Definition und Umfang der digitalen Pathologie

Die digitale Pathologie wird gemeinhin als ein Teilgebiet der Pathologie definiert, das sich mit dem Datenmanagement auf der Grundlage von Informationen befasst, die aus digitalisierten Objektträgern gewonnen werden (1). Sogenannte Whole Slide Images (WSI) sind die Ergebnisse von Scan-Geräten, die digitale Darstellungen von physischen Proben auf Objektträgern erzeugen.
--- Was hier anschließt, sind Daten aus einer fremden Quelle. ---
lemma le_of_ereal_INF_eq_0:
  fixes f :: "'a \<Rightarrow> real"
  assumes "(INF y. ereal (f y)) = 0" and "\<And>y. f x \<le> f y + c"
  shows "f x \<le> c"
proof (rule field_le_epsilon)
  fix e :: real assume "0 < e"
  then obtain y where "ereal (f y) < ereal e"
    using assms(1) by (metis INF_less_iff zero_ereal_def ereal_less(2))
  then show "f x \<le> c + e"
    using assms(2)[of y] by simp
qed

locale slope_operator =
  fixes l :: "'a::metric_space \<Rightarrow> real" and lam :: real
  assumes lam_nonneg: "0 \<le> lam" and l_nonneg: "\<And>x. 0 \<le> l x"
begin

definition T_real :: "('a \<Rightarrow> real) \<Rightarrow> 'a \<Rightarrow> real" where
  "T_real f x = (INF y. (f y + l x * dist x y) / (1 + lam * dist x y))"

lemma denom_pos: "0 < 1 + lam * dist x y"
  using lam_nonneg by (simp add: add_pos_nonneg)

lemma quotient_nonneg: "0 \<le> f y \<Longrightarrow> 0 \<le> (f y + l x * dist x y) / (1 + lam * dist x y)"
  using l_nonneg[of x] denom_pos[of x y] by simp

lemma T_real_lower:
  assumes "\<And>z. 0 \<le> f z"
  shows "T_real f x \<le> (f y + l x * dist x y) / (1 + lam * dist x y)"
  unfolding T_real_def
proof (rule cINF_lower)
  show "bdd_below (range (\<lambda>y. (f y + l x * dist x y) / (1 + lam * dist x y)))"
    using assms quotient_nonneg by (intro bdd_belowI[of _ 0]) auto
qed simp

lemma T_real_greatest:
  "(\<And>y. c \<le> (f y + l x * dist x y) / (1 + lam * dist x y)) \<Longrightarrow> c \<le> T_real f x"
  unfolding T_real_def by (rule cINF_greatest) auto

lemma T_real_nonneg: "(\<And>z. 0 \<le> f z) \<Longrightarrow> 0 \<le> T_real f x"
  by (intro T_real_greatest quotient_nonneg)

lemma T_real_le_self: "(\<And>z. 0 \<le> f z) \<Longrightarrow> T_real f x \<le> f x"
  using T_real_lower[of f x x] by simp

lemma T_real_mono:
  assumes "\<And>z. 0 \<le> f z" and "\<And>z. f z \<le> g z"
  shows "T_real f x \<le> T_real g x"
proof (rule T_real_greatest)
  fix y
  have "T_real f x \<le> (f y + l x * dist x y) / (1 + lam * dist x y)"
    by (rule T_real_lower[OF assms(1)])
  also have "\<dots> \<le> (g y + l x * dist x y) / (1 + lam * dist x y)"
    using denom_pos[of x y] assms(2)[of y] by (simp add: divide_right_mono)
  finally show "T_real f x \<le> (g y + l x * dist x y) / (1 + lam * dist x y)" .
qed

lemma Top_ereal:
  assumes "\<And>z. 0 \<le> f z"
  shows "Top lam l (\<lambda>z. ereal (f z)) = (\<lambda>z. ereal (T_real f z))"
proof
  fix x
  let ?q = "\<lambda>y. (f y + l x * dist x y) / (1 + lam * dist x y)"
  have "(ereal (f y) + ereal (l x * dist x y)) / ereal (1 + lam * dist x y) = ereal (?q y)" for y
    using denom_pos[of x y] by simp
  then have "Top lam l (\<lambda>z. ereal (f z)) x = (INF y. ereal (?q y))"
    unfolding Top_def by simp
  also have "\<dots> = ereal (T_real f x)"
  proof -
    have "bdd_below (range ?q)"
      using assms quotient_nonneg by (intro bdd_belowI[of _ 0]) auto
    then show ?thesis
      unfolding T_real_def using ereal_Inf'[of "range ?q"] by (simp add: image_comp)
  qed
  finally show "Top lam l (\<lambda>z. ereal (f z)) x = ereal (T_real f x)" .
qed

definition T_subsol :: "('a \<Rightarrow> real) \<Rightarrow> bool" where
  "T_subsol f \<longleftrightarrow> (\<forall>x y. f x * (1 + lam * dist x y) \<le> f y + l x * dist x y)"

lemma T_subsol_le_T_real: "T_subsol f \<Longrightarrow> f x \<le> T_real f x"
  unfolding T_subsol_def using denom_pos[of x] by (intro T_real_greatest) (simp add: pos_le_divide_eq)

lemma T_subsol_lower:
  assumes "T_subsol f" and "0 \<le> f x"
  shows "f x - l x * dist x y \<le> f y"
proof -
  have "f x * (1 + lam * dist x y) \<le> f y + l x * dist x y"
    using assms(1) unfolding T_subsol_def by blast
  moreover have "0 \<le> f x * (lam * dist x y)"
    using assms(2) lam_nonneg by simp
  ultimately show ?thesis by (simp add: algebra_simps)
qed

lemma lsc_T_subsol:
  assumes "T_subsol f" and f_nonneg: "\<And>z. 0 \<le> f z"
  shows "lsc (\<lambda>z. ereal (f z))"
proof (rule lsc_ereal)
  fix c
  show "open {z. c < f z}"
    unfolding open_dist
  proof safe
    fix x assume "c < f x"
    define r where "r = (f x - c) / (l x + 1)"
    have "0 < l x + 1"
      using l_nonneg[of x] by simp
    then have "0 < r"
      unfolding r_def using \<open>c < f x\<close> by simp
    moreover have "c < f y" if "dist y x < r" for y
    proof -
      have "l x * dist x y < (l x + 1) * r"
        using that \<open>0 < l x + 1\<close> l_nonneg[of x] by (simp add: dist_commute mult_strict_mono')
      also have "\<dots> = f x - c"
        unfolding r_def using \<open>0 < l x + 1\<close> by simp
      finally show ?thesis
        using T_subsol_lower[OF assms(1) f_nonneg, of x y] by simp
    qed
    ultimately show "\<exists>e>0. \<forall>y. dist y x < e \<longrightarrow> y \<in> {z. c < f z}"
      by blast
  qed
qed

lemma T_subsol_sup_cone:
  assumes "T_subsol U" and "0 \<le> k"
    and cone: "\<And>z. U z < c - k * dist x z \<Longrightarrow> lam * (c - k * dist x z) + k \<le> l z"
  shows "T_subsol (\<lambda>z. max (U z) (c - k * dist x z))"
  unfolding T_subsol_def
proof safe
  fix z y
  define \<phi> where "\<phi> z = c - k * dist x z" for z
  show "max (U z) (\<phi> z) * (1 + lam * dist z y) \<le> max (U y) (\<phi> y) + l z * dist z y"
  proof (cases "U z < \<phi> z")
    case False
    then show ?thesis
      using assms(1) unfolding T_subsol_def by (smt (verit))
  next
    case True
    have "k * dist x y \<le> k * (dist x z + dist z y)"
      using dist_triangle[of x y z] \<open>0 \<le> k\<close> by (intro mult_left_mono) auto
    then have "\<phi> z - k * dist z y \<le> \<phi> y"
      unfolding \<phi>_def by (simp add: algebra_simps)
    have "\<phi> z * (1 + lam * dist z y) = \<phi> z + (lam * \<phi> z) * dist z y"
      by (simp add: algebra_simps)
    also have "\<dots> \<le> \<phi> z + (l z - k) * dist z y"
      using cone[OF True[unfolded \<phi>_def]] unfolding \<phi>_def by (simp add: mult_right_mono)
    also have "\<dots> = (\<phi> z - k * dist z y) + l z * dist z y"
      by (simp add: algebra_simps)
    also have "\<dots> \<le> max (U y) (\<phi> y) + l z * dist z y"
      using \<open>\<phi> z - k * dist z y \<le> \<phi> y\<close> by simp
    finally show ?thesis
      using True by simp
  qed
qed

lemma T_subsol_slope_le:
  assumes "T_subsol f" and f_nonneg: "\<And>z. 0 \<le> f z" and "(INF z. ereal (f z)) = 0"
  shows "ereal lam * ereal (f x) + gslope (\<lambda>z. ereal (f z)) x \<le> ereal (l x)"
proof -
  have lam_f: "lam * f x \<le> l x"
  proof (cases "f x = 0")
    case False
    then have "(INF z. ereal (f z)) < ereal (f x)"
      using f_nonneg[of x] assms(3) by simp
    then obtain y where "f y < f x"
      by (auto simp: INF_less_iff)
    then have "0 < dist x y"
      by auto
    have "f x * (1 + lam * dist x y) \<le> f y + l x * dist x y"
      using assms(1) unfolding T_subsol_def by blast
    then have "(lam * f x) * dist x y < l x * dist x y"
      using \<open>f y < f x\<close> by (simp add: algebra_simps)
    then show ?thesis
      using \<open>0 < dist x y\<close> by simp
  qed (use l_nonneg in simp)
  have "f x - f y \<le> (l x - lam * f x) * dist x y" for y
    using assms(1) unfolding T_subsol_def by (simp add: algebra_simps)
  then have "gslope (\<lambda>z. ereal (f z)) x \<le> ereal (l x - lam * f x)"
    using lam_f by (intro gslope_real_le) auto
  then have "ereal (lam * f x) + gslope (\<lambda>z. ereal (f z)) x \<le> ereal (lam * f x) + ereal (l x - lam * f x)"
    by (rule add_left_mono)
  then show ?thesis
    by simp
qed

lemma T_subsol_of_slope_le:
  assumes "\<And>x. ereal lam * ereal (f x) + gslope (\<lambda>z. ereal (f z)) x \<le> ereal (l x)"
  shows "T_subsol f"
  unfolding T_subsol_def
proof safe
  fix x y
  show "f x * (1 + lam * dist x y) \<le> f y + l x * dist x y"
  proof (cases "y = x")
    case False
    have "ereal (lam * f x) + ereal ((f x - f y) / dist x y) \<le>
        ereal (lam * f x) + gslope (\<lambda>z. ereal (f z)) x"
      by (rule add_left_mono[OF gslope_real_ge[OF False]])
    also have "\<dots> \<le> ereal (l x)"
      using assms[of x] by simp
    finally have "(f x - f y) / dist x y \<le> l x - lam * f x"
      by simp
    then have "f x - f y \<le> (l x - lam * f x) * dist x y"
      using False by (simp add: divide_le_eq)
    then show ?thesis
      by (simp add: algebra_simps)
  qed simp
qed

lemma sol_real:
  assumes "sol lam l w"
  obtains f where "w = (\<lambda>z. ereal (f z))" and "\<And>z. 0 \<le> f z"
proof -
  have w_eq: "ereal lam * w z + gslope w z = ereal (l z)" and "(INF z. w z) = 0" for z
    using assms unfolding sol_def by auto
  then have w_nonneg: "0 \<le> w z" for z
    by (metis INF_lower UNIV_I)
  have "w z \<noteq> \<infinity>" for z
  proof
    assume "w z = \<infinity>"
    then have "ereal lam * w z + gslope w z = \<infinity>"
      unfolding gslope_def using lam_nonneg by (cases "lam = 0") auto
    then show False
      using w_eq[of z] by simp
  qed
  then have "w = (\<lambda>z. ereal (real_of_ereal (w z)))"
    using w_nonneg by (intro ext) (metis ereal_real' abs_ereal_ge0 ereal_infty_less_eq(2) ereal_less_eq(1))
  moreover have "0 \<le> real_of_ereal (w z)" for z
    using w_nonneg[of z] by (simp add: real_of_ereal_pos)
  ultimately show ?thesis
    using that[of "\<lambda>z. real_of_ereal (w z)"] by blast
qed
Im weiteren Verlauf des Artikels bezeichne ich diese Technologie und diesen Prozess synonym als digitale Pathologie, WSI oder Scanner.

Digitalisierung in der Routine-Pathologie vs. Intraoperative Pathologie

Ein Großteil der pathologischen Forschung wurde in den letzten 10 Jahren bereits digitalisiert. In jüngster Zeit haben viele Gesundheitszentren, Krankenhäuser, Pathologieinstitute und Labors mit der Digitalisierung klinischer Arbeitsabläufe (auch als Routinepathologie bezeichnet) begonnen, wobei WSI im Mittelpunkt aller Prozesse und Kommunikationen stehen sollen. Es ist daher sehr verlockend zu denken, dass WSI die Antwort auf die Herausforderung der intraoperativen Digitalisierung sind. Aber sind sie das wirklich? Können wir das, was wir in der Routinepathologie implementieren, auf die intraoperative mikroskopische Beurteilung in der chirurgischen Pathologie übertragen?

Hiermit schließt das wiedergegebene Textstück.